* **Work order**:
Restate only the tail of the data below, starting at the line that contains "by (intro of_nat_mono" and including the last line, word for word.

##### Given data #####

(* Let $k\ge1$ and let $f:\mathbb{N}^k\to\mathbb{N}$ be bad. Then $f\notin\mathscr{C}_{I_{\bar d=0}}$.
   Context: $\mathbb{N}=\{0,1,2,\dots\}$. For $A\subseteq\mathbb{N}$, $\bar d(A)=\limsup_{n\to\infty}\frac{|A\cap[0,n)|}{n}$. $\mathscr{C}_{I_{\bar d=0}}$ is the set of all finitary functions $f:\mathbb{N}^k\to\mathbb{N}$ ($k\ge1$) such that $\bar d(f[A^k])=0$ whenever $\bar d(A)=0$. A function $f:\mathbb{N}^k\to\mathbb{N}$ is called bad if there exists a rational $\varepsilon>0$ such that for every $i\in\mathbb{N}$ there are $n,t\ge i$ and $A\subseteq[i,n)$ with $|A\cap[0,r)|\le\frac{r}{2^i}$ for all $r\in\mathbb{N}$ and $|f[A^k]\cap[0,t)|\ge\varepsilon t$. *)

theory Defs
  imports "HOL-Analysis.Analysis"
begin

text \<open>Functions N^k -> N are represented as f :: nat list => nat, where only
  argument lists of length k matter.\<close>

definition upper_density :: "nat set \<Rightarrow> ereal" where
  "upper_density A = limsup (\<lambda>n. ereal (real (card (A \<inter> {..<n})) / real n))"

definition cart_power :: "nat set \<Rightarrow> nat \<Rightarrow> nat list set" where
  "cart_power A k = {xs. length xs = k \<and> set xs \<subseteq> A}"

definition in_C_dbar0 :: "nat \<Rightarrow> (nat list \<Rightarrow> nat) \<Rightarrow> bool" where
  "in_C_dbar0 k f \<longleftrightarrow> k \<ge> 1 \<and>
     (\<forall>A. upper_density A = 0 \<longrightarrow> upper_density (f ` cart_power A k) = 0)"

definition bad :: "nat \<Rightarrow> (nat list \<Rightarrow> nat) \<Rightarrow> bool" where
  "bad k f \<longleftrightarrow> (\<exists>\<epsilon>::real. \<epsilon> \<in> \<rat> \<and> \<epsilon> > 0 \<and>
     (\<forall>i::nat. \<exists>n t A. n \<ge> i \<and> t \<ge> i \<and> A \<subseteq> {i..<n} \<and>
        (\<forall>r::nat. real (card (A \<inter> {..<r})) \<le> real r / 2 ^ i) \<and>
        real (card (f ` cart_power A k \<inter> {..<t})) \<ge> \<epsilon> * real t))"

end

theory Submission
  imports Defs
begin

text \<open>Take \<open>\<epsilon>\<close> from badness and, for each \<open>i\<close>, a finite set \<open>S i \<subseteq> [i, n)\<close> with at most
  \<open>r / 2^i\<close> elements below every \<open>r\<close>, whose image \<open>f[(S i)^k]\<close> fills a fraction \<open>\<epsilon>\<close> of some
  \<open>[0, t)\<close> with \<open>t \<ge> i\<close>. The union \<open>A\<close> of all \<open>S i\<close> has upper density zero: below \<open>r\<close> the sets
  with \<open>i \<ge> m\<close> contribute at most \<open>\<Sum>\<^sub>i\<^sub>\<ge>\<^sub>m r / 2^i = 2 r / 2^m\<close> elements, and the finitely many
  with \<open>i < m\<close> are negligible as \<open>r \<rightarrow> \<infinity>\<close>. Yet \<open>f[A^k]\<close> contains every \<open>f[(S i)^k]\<close>, so it
  fills a fraction \<open>\<epsilon>\<close> of arbitrarily long initial segments.\<close>

lemma sum_power_atLeastLessThan_le:
  fixes x :: real
  assumes "0 \<le> x" "x < 1"
  shows "(\<Sum>i\<in>{m..<r}. x ^ i) \<le> x ^ m / (1 - x)"
proof -
  have "(\<Sum>i\<in>{m..<r}. x ^ i) = x ^ m * (\<Sum>j<r - m. x ^ j)"
    by (simp add: sum.atLeastLessThan_shift_0 atLeast0LessThan power_add sum_distrib_left)
  also have "(\<Sum>j<r - m. x ^ j) = (1 - x ^ (r - m)) / (1 - x)"
    using assms by (simp add: sum_gp_strict)
  also have "\<dots> \<le> 1 / (1 - x)"
    using assms by (simp add: divide_right_mono)
  finally show ?thesis
    using assms by (simp add: mult_left_mono)
qed

lemma upper_density_nonneg: "upper_density A \<ge> 0"
  unfolding upper_density_def by (rule le_Limsup) auto

lemma upper_density_eq_0I:
  assumes "\<And>\<delta>. \<delta> > 0 \<Longrightarrow> \<forall>\<^sub>F r in sequentially. real (card (A \<inter> {..<r})) \<le> \<delta> * real r"
  shows "upper_density A = 0"
proof (rule antisym[OF _ upper_density_nonneg])
  show "upper_density A \<le> 0"
  proof (rule ereal_le_epsilon2)
    fix \<delta> :: real
    assume "\<delta> > 0"
    from assms[OF this] eventually_gt_at_top[of 0]
    have "\<forall>\<^sub>F r in sequentially. ereal (real (card (A \<inter> {..<r})) / real r) \<le> ereal \<delta>"
      by eventually_elim (simp add: divide_le_eq)
    then show "upper_density A \<le> 0 + ereal \<delta>"
      unfolding upper_density_def by (simp add: Limsup_bounded)
  qed
qed

lemma upper_density_geI:
  assumes "\<exists>\<^sub>F t in sequentially. \<epsilon> * real t \<le> real (card (A \<inter> {..<t}))"
  shows "ereal \<epsilon> \<le> upper_density A"
proof (rule ccontr)
  assume "\<not> ereal \<epsilon> \<le> upper_density A"
  then have "\<forall>\<^sub>F t in sequentially. ereal (real (card (A \<inter> {..<t})) / real t) < ereal \<epsilon>"
    unfolding upper_density_def using Limsup_le_iff by (metis linorder_not_le order_refl)
  with eventually_gt_at_top[of 0]
  have "\<forall>\<^sub>F t in sequentially. \<not> \<epsilon> * real t \<le> real (card (A \<inter> {..<t}))"
    by eventually_elim (simp add: pos_divide_less_eq mult.commute)
  with assms show False
    by (simp add: not_frequently[symmetric])
qed

lemma card_UNION_sparse_lessThan_le:
  fixes S :: "nat \<Rightarrow> nat set"
  assumes finite: "\<And>i. finite (S i)"
    and start: "\<And>i. S i \<subseteq> {i..}"
    and sparse: "\<And>i r. real (card (S i \<inter> {..<r})) \<le> real r / 2 ^ i"
  shows "real (card ((\<Union>i. S i) \<inter> {..<r})) \<le> real (card (\<Union>i<m. S i)) + 2 * real r / 2 ^ m"
proof -
  have "(\<Union>i. S i) \<inter> {..<r} \<subseteq> (\<Union>i<m. S i) \<union> (\<Union>i\<in>{m..<r}. S i \<inter> {..<r})"
    using start by (force simp: not_less)
  then have "card ((\<Union>i. S i) \<inter> {..<r}) \<le> card ((\<Union>i<m. S i) \<union> (\<Union>i\<in>{m..<r}. S i \<inter> {..<r}))"
    using finite by (intro card_mono) auto
  also have "\<dots> \<le> card (\<Union>i<m. S i) + card (\<Union>i\<in>{m..<r}. S i \<inter> {..<r})"
    by (rule card_Un_le)
  also have "\<dots> \<le> card (\<Union>i<m. S i) + (\<Sum>i\<in>{m..<r}. card (S i \<inter> {..<r}))"
    by (intro add_left_mono card_UN_le) simp
  finally have "real (card ((\<Union>i. S i) \<inter> {..<r}))
      \<le> real (card (\<Union>i<m. S i)) + (\<Sum>i\<in>{m..<r}. real (card (S i \<inter> {..<r})))"
    by (metis of_nat_add of_nat_le_iff of_nat_sum)
  also have "(\<Sum>i\<in>{m..<r}. real (card (S i \<inter> {..<r}))) \<le> real r * (\<Sum>i\<in>{m..<r}. (1 / 2) ^ i)"
    using sparse by (simp add: sum_distrib_left sum_mono power_divide)
  also have "\<dots> \<le> real r * ((1 / 2) ^ m / (1 - 1 / 2))"
    by (intro mult_left_mono sum_power_atLeastLessThan_le) auto
  finally show ?thesis
    by (simp add: power_divide mult.commute)
qed

lemma upper_density_UNION_sparse_eq_0:
  fixes S :: "nat \<Rightarrow> nat set"
  assumes "\<And>i. finite (S i)" "\<And>i. S i \<subseteq> {i..}"
    and "\<And>i r. real (card (S i \<inter> {..<r})) \<le> real r / 2 ^ i"
  shows "upper_density (\<Union>i. S i) = 0"
proof (rule upper_density_eq_0I)
  fix \<delta> :: real
  assume "\<delta> > 0"
  then obtain m where m: "(1 / 2 :: real) ^ m < \<delta> / 4"
    using real_arch_pow_inv[of "\<delta> / 4" "1 / 2"] by auto
  define C where "C = real (card (\<Union>i<m. S i))"
  have "\<forall>\<^sub>F r in sequentially. 2 * C / \<delta> \<le> real r"
    using filterlim_real_sequentially by (simp add: filterlim_at_top)
  then have "\<forall>\<^sub>F r in sequentially. C \<le> \<delta> / 2 * real r"
    by eventually_elim (use \<open>\<delta> > 0\<close> in \<open>simp add: field_simps\<close>)
  then show "\<forall>\<^sub>F r in sequentially. real (card ((\<Union>i. S i) \<inter> {..<r})) \<le> \<delta> * real r"
  proof eventually_elim
    case (elim r)
    have "4 \<le> \<delta> * 2 ^ m"
      using m by (simp add: power_divide field_simps)
    then have "2 * real r / 2 ^ m \<le> \<delta> / 2 * real r"
      using mult_right_mono[of 4 "\<delta> * 2 ^ m" "real r"] by (simp add: field_simps)
    with card_UNION_sparse_lessThan_le[OF assms, of r m] elim show ?case
      unfolding C_def by linarith
  qed
qed

lemma cart_power_mono: "A \<subseteq> B \<Longrightarrow> cart_power A k \<subseteq> cart_power B k"
  unfolding cart_power_def by auto

theorem mainTheorem3:
  fixes k :: nat and f :: "nat list \<Rightarrow> nat"
  assumes "k \<ge> 1" and "bad k f"
  shows "\<not> in_C_dbar0 k f"
proof
  obtain \<epsilon> :: real where "\<epsilon> > 0" and "\<forall>i. \<exists>n t A. n \<ge> i \<and> t \<ge> i \<and> A \<subseteq> {i..<n} \<and>
      (\<forall>r. real (card (A \<inter> {..<r})) \<le> real r / 2 ^ i) \<and>
      real (card (f ` cart_power A k \<inter> {..<t})) \<ge> \<epsilon> * real t"
    using \<open>bad k f\<close> unfolding bad_def by blast
  then obtain n t S where S: "\<And>i. S i \<subseteq> {i..<n i}"
    and sparse: "\<And>i r. real (card (S i \<inter> {..<r})) \<le> real r / 2 ^ i"
    and t: "\<And>i. t i \<ge> i" and dense: "\<And>i. real (card (f ` cart_power (S i) k \<inter> {..<t i})) \<ge> \<epsilon> * real (t i)"
    by metis
  have "finite (S i)" and "S i \<subseteq> {i..}" for i
    using S[of i] finite_subset by auto
  then have "upper_density (\<Union>i. S i) = 0"
    using sparse by (rule upper_density_UNION_sparse_eq_0)
  moreover assume "in_C_dbar0 k f"
  ultimately have "upper_density (f ` cart_power (\<Union>i. S i) k) = 0"
    unfolding in_C_dbar0_def by blast
  moreover have "ereal \<epsilon> \<le> upper_density (f ` cart_power (\<Union>i. S i) k)"
  proof (rule upper_density_geI, unfold frequently_sequentially, intro allI)
    fix j
    have "\<epsilon> * real (t j) \<le> real (card (f ` cart_power (S j) k \<inter> {..<t j}))"
      by (rule dense)
    also have "\<dots> \<le> real (card (f ` cart_power (\<Union>i. S i) k \<inter> {..<t j}))"
      by (intro of_nat_mono card_mono Int_mono image_mono cart_power_mono) auto
    finally show "\<exists>t'\<ge>j. \<epsilon> * real t' \<le> real (card (f ` cart_power (\<Union>i. S i) k \<inter> {..<t'}))"
      using t[of j] by blast
  qed
  ultimately show False
    using \<open>\<epsilon> > 0\<close> by simp
qed

end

#####

* **Worked solution**:
      by (intro of_nat_mono card_mono Int_mono image_mono cart_power_mono) auto
    finally show "\<exists>t'\<ge>j. \<epsilon> * real t' \<le> real (card (f ` cart_power (\<Union>i. S i) k \<inter> {..<t'}))"
      using t[of j] by blast
  qed
  ultimately show False
    using \<open>\<epsilon> > 0\<close> by simp
qed

end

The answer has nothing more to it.